VEX register allocator v2 has a clever optimization which reduces a number of spill instructions generated. Let's have the following vcode: ... 97: orq %vR250,%vR570 98: movslq %vR570d,%vR569 99: movq %vR329,%vR571 100: orq %vR569,%vR571 101: callnz[0,RLPri_None] and the following vreg ranges: %vR250: [ 12, 214) %vR329: [ 72, 162) %vR569: [ 98, 101) %vR570: [ 95, 99) %vR571: [ 99, 101) Now reg. alloc. v2 produces the following rcode: 82 orq %rbx,%r8 83 movslq %r8d,%rdi 84 movq 0xB28(%rbp),%r8 85 movq %r8,%rsi 86 orq %rdi,%rsi 87 movq %r9,0xAE0(%rbp) 88 callnz[0,RLPri_None] 0x5805E8E0 However current regalloc v3 produces more rcode: 82 orq %rbx,%r8 83 movslq %r8d,%rdi 84 movq 0xB28(%rbp),%r8 85 movq %r8,%rsi 86 orq %rdi,%rsi 87 movq %r9,0xAE0(%rbp) 88 movq %r8,0xB28(%rbp) 89 callnz[0,RLPri_None] 0x5805E8E0 It can be seen that spilling %r8 (instruction #88) is useless because its value is still equal to that one in the spill slot.

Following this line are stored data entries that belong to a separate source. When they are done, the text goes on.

lemma pair_extension_subset_ksubsets:
  assumes "F \<subseteq> {X. X \<subseteq> {q<..n} \<and> card X = j}" "q \<le> n"
  shows "pair_extension q F \<subseteq> ksubsets n (j + 2)"
proof
  fix A assume "A \<in> pair_extension q F"
  then obtain P X where PX: "P \<subseteq> {1..q}" "card P = 2" "X \<in> F" "A = P \<union> X"
    unfolding mem_pair_extension_iff by blast
  then have X: "X \<subseteq> {q<..n}" "card X = j" using assms(1) by auto
  then have "P \<inter> X = {}" using PX(1) by (fastforce simp: subset_iff)
  moreover have "finite P" "finite X" using PX(1) X(1) finite_subset by auto
  ultimately have "card A = j + 2" using PX(2,4) X(2) by (simp add: card_Un_disjoint)
  moreover have "A \<subseteq> {1..n}" using PX(1,4) X(1) assms(2) by auto
  ultimately show "A \<in> ksubsets n (j + 2)" unfolding ksubsets_def by simp
qed

lemma card_pair_extension:
  assumes "finite F" "\<forall>X\<in>F. X \<subseteq> {q<..}"
  shows "card (pair_extension q F) = (q choose 2) * card F"
proof -
  let ?Pairs = "ksubsets q 2"
  have "X \<inter> {1..q} = {}" if "X \<in> F" for X
    using that assms(2) by (fastforce simp: subset_iff)
  then have split: "(P \<union> X) \<inter> {1..q} = P" "(P \<union> X) - {1..q} = X" if "P \<in> ?Pairs" "X \<in> F" for P X
    using that unfolding ksubsets_def by blast+
  have eq: "P = P' \<and> X = X'"
    if "P \<in> ?Pairs" "X \<in> F" "P' \<in> ?Pairs" "X' \<in> F" "P \<union> X = P' \<union> X'" for P X P' X'
    using split[OF that(1,2)] split[OF that(3,4)] that(5) by metis
  have "inj_on (\<lambda>(P, X). P \<union> X) (?Pairs \<times> F)"
  proof (rule inj_onI)
    fix a b assume ab: "a \<in> ?Pairs \<times> F" "b \<in> ?Pairs \<times> F" "(\<lambda>(P, X). P \<union> X) a = (\<lambda>(P, X). P \<union> X) b"
    obtain P X P' X' where "a = (P, X)" "b = (P', X')" by fastforce
    then show "a = b" using eq[of P X P' X'] ab by simp
  qed
  then show ?thesis
    unfolding pair_extension_def by (simp add: card_image card_cartesian_product card_ksubsets)
qed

Created attachment 107778 [details] proposed patch
We can see the following performance improvement: running Memcheck on perf/bz2: baseline: 45,132 M instructions total; 161 M instructions doRegisterAllocation_v3 patched: 45,107 M instructions total; 168 M instructions doRegisterAllocation_v3 running Memcheck on /bin/true: baseline: 3,511 M instructions total; 59 M instructions doRegisterAllocation_v3 patched: 3,508 M instructions total; 61 M instructions doRegisterAllocation_v3 So it can be seen that even when running the simplest program (/bin/true), small additional cost of register allocation is compensated by much higher gain in terms of total instruction cost.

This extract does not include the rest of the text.